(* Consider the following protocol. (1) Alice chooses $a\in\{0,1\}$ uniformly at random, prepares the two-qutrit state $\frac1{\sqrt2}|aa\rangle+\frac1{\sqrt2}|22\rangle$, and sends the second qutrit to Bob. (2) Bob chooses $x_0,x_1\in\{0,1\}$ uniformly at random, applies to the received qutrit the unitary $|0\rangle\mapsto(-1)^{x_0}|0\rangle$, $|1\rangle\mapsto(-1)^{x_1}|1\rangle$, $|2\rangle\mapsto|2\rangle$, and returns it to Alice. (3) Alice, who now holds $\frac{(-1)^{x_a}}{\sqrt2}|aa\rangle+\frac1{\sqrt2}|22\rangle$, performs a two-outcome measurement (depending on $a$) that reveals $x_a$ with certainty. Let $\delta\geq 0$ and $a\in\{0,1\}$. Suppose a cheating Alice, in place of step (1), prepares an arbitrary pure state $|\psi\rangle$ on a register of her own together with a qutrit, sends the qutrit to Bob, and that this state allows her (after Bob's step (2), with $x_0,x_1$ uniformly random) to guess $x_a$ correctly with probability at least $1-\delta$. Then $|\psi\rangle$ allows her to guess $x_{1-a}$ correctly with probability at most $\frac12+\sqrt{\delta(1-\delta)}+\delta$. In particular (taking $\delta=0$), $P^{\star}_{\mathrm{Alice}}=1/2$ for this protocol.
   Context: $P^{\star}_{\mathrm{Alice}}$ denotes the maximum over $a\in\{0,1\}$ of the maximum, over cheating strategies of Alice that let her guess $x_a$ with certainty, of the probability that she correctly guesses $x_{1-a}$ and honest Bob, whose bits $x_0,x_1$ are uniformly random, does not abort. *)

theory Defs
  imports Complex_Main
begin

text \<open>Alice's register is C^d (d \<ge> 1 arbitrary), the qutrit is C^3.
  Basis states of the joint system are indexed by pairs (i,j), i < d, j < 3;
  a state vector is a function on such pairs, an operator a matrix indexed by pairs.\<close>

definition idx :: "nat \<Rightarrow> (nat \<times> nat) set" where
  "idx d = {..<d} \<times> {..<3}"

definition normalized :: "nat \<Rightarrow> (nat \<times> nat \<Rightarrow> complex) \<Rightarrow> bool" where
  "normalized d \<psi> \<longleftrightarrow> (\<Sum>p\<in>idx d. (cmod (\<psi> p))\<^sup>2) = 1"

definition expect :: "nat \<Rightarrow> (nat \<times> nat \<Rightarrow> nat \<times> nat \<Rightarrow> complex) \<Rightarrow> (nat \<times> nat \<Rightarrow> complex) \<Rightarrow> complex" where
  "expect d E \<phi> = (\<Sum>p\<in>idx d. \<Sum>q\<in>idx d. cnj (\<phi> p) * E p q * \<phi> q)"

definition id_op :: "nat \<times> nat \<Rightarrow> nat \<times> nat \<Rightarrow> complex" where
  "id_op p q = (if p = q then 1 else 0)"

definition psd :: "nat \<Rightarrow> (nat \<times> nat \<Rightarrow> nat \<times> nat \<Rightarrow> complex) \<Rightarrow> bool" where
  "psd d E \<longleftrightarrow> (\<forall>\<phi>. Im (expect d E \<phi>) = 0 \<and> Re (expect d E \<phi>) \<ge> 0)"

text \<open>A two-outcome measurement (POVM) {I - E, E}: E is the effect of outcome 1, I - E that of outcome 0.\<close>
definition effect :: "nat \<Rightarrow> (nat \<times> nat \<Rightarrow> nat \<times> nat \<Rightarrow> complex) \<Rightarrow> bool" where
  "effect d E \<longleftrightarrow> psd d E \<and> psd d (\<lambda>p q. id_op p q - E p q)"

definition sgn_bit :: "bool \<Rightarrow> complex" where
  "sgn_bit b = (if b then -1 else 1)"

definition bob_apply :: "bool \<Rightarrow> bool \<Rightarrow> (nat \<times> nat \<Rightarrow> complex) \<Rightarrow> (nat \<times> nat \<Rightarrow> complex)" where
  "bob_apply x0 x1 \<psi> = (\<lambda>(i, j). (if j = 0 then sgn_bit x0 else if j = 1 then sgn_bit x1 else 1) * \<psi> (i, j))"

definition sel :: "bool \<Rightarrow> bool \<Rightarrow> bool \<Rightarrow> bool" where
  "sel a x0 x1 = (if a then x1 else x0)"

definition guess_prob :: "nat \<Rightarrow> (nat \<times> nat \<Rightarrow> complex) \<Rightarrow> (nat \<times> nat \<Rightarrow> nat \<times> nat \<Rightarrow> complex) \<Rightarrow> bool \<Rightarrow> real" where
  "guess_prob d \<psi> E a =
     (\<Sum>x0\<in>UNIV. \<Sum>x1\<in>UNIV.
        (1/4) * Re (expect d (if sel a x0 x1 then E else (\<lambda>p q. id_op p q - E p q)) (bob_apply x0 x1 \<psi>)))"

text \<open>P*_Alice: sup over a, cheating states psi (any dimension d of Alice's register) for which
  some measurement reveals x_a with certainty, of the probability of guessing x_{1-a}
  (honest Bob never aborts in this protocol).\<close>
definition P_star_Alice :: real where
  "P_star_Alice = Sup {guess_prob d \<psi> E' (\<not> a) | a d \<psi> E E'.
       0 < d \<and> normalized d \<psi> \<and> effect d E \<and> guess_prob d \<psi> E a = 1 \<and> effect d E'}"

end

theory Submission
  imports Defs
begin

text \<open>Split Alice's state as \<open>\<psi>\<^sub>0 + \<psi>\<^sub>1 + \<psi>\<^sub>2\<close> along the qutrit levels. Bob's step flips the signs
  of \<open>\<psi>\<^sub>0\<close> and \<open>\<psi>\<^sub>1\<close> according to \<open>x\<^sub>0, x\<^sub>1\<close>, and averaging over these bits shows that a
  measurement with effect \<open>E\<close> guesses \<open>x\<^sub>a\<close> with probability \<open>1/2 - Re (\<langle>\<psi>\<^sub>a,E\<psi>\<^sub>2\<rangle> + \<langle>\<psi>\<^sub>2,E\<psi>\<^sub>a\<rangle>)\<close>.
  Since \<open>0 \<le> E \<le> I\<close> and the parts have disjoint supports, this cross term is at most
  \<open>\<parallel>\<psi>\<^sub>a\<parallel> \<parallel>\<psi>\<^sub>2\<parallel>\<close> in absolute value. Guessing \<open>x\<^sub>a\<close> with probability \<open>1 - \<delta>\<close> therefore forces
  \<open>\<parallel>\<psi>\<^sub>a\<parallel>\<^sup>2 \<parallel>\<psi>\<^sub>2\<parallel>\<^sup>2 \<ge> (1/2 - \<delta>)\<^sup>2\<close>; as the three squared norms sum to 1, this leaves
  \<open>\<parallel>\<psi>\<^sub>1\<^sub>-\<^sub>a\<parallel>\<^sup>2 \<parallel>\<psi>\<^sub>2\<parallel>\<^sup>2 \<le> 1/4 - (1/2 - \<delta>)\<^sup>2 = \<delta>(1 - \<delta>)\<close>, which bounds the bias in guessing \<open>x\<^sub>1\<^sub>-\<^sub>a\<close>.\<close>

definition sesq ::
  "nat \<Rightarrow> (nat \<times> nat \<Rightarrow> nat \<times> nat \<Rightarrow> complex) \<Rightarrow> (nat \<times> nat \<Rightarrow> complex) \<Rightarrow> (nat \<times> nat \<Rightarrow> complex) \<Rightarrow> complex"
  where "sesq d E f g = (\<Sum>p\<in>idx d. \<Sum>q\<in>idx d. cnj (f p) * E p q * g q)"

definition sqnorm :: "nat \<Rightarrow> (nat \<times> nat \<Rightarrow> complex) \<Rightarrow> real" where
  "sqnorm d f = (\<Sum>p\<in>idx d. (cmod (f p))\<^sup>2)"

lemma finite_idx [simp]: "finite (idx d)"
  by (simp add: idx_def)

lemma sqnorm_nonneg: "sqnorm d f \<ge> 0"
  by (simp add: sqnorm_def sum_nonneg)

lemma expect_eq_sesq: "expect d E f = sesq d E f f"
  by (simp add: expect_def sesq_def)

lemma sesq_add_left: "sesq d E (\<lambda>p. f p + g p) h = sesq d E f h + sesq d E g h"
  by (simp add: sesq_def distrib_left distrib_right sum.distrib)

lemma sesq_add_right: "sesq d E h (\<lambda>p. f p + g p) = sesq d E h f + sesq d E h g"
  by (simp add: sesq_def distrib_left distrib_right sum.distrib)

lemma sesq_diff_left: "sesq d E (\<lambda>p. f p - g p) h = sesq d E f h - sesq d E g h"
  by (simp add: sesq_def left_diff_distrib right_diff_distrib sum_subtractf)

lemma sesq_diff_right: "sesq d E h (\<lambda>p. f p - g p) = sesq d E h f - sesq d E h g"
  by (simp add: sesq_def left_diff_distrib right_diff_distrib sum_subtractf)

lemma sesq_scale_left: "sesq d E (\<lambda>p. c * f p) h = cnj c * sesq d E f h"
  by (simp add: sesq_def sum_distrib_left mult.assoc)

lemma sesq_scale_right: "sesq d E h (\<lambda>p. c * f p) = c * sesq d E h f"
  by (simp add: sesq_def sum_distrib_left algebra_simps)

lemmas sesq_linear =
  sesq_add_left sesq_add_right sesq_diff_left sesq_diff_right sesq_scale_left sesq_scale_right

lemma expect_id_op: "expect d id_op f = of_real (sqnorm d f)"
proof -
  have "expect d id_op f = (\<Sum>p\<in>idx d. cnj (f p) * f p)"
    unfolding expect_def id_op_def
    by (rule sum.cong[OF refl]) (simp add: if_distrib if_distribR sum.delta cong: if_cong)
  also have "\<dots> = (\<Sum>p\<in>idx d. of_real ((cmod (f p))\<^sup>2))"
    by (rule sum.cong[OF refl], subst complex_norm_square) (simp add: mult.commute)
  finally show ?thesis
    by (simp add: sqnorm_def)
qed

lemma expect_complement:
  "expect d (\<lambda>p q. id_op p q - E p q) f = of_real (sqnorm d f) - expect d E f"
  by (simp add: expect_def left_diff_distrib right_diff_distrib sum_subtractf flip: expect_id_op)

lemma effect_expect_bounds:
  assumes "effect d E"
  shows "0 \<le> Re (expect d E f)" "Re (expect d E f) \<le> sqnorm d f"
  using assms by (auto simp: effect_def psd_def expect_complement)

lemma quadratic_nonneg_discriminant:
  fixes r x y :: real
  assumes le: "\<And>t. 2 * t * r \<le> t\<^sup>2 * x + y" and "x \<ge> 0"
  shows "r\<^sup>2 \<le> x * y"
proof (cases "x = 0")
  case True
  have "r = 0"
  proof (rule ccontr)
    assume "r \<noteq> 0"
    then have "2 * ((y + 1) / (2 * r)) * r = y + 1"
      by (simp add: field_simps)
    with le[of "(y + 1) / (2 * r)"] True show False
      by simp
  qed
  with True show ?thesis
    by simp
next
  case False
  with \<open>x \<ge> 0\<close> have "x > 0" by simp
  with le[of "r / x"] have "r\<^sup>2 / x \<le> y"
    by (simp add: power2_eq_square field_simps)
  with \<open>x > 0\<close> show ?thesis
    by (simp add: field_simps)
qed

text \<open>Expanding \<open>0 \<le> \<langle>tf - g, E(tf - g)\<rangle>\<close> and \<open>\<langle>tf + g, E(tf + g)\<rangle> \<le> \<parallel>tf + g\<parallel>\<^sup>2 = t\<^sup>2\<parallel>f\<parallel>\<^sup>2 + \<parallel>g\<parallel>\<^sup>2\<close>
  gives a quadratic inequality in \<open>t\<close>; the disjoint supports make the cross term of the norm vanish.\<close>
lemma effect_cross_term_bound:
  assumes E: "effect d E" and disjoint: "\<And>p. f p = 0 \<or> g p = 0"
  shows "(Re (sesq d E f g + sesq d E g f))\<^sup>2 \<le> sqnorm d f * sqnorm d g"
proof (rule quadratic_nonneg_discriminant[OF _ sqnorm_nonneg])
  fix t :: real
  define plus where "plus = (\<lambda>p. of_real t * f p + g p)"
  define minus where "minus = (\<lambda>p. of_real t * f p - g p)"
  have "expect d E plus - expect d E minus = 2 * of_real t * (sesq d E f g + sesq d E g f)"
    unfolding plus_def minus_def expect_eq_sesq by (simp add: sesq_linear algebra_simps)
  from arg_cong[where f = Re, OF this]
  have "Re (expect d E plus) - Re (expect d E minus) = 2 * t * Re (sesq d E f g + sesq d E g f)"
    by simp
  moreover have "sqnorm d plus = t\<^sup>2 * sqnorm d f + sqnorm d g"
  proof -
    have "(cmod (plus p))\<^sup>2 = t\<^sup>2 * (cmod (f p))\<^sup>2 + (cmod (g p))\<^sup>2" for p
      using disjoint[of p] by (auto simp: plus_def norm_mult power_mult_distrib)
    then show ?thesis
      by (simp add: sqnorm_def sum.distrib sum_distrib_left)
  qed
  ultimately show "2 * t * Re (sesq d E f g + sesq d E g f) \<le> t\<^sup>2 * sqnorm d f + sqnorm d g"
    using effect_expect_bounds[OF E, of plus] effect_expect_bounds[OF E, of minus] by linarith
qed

——

**WORK REQUIRED:** Check each line above for the string "cmod" and copy every line that has it.

**EXERCISE SOLUTION:**
  "normalized d \<psi> \<longleftrightarrow> (\<Sum>p\<in>idx d. (cmod (\<psi> p))\<^sup>2) = 1"
  "sqnorm d f = (\<Sum>p\<in>idx d. (cmod (f p))\<^sup>2)"
  also have "\<dots> = (\<Sum>p\<in>idx d. of_real ((cmod (f p))\<^sup>2))"
    have "(cmod (plus p))\<^sup>2 = t\<^sup>2 * (cmod (f p))\<^sup>2 + (cmod (g p))\<^sup>2" for p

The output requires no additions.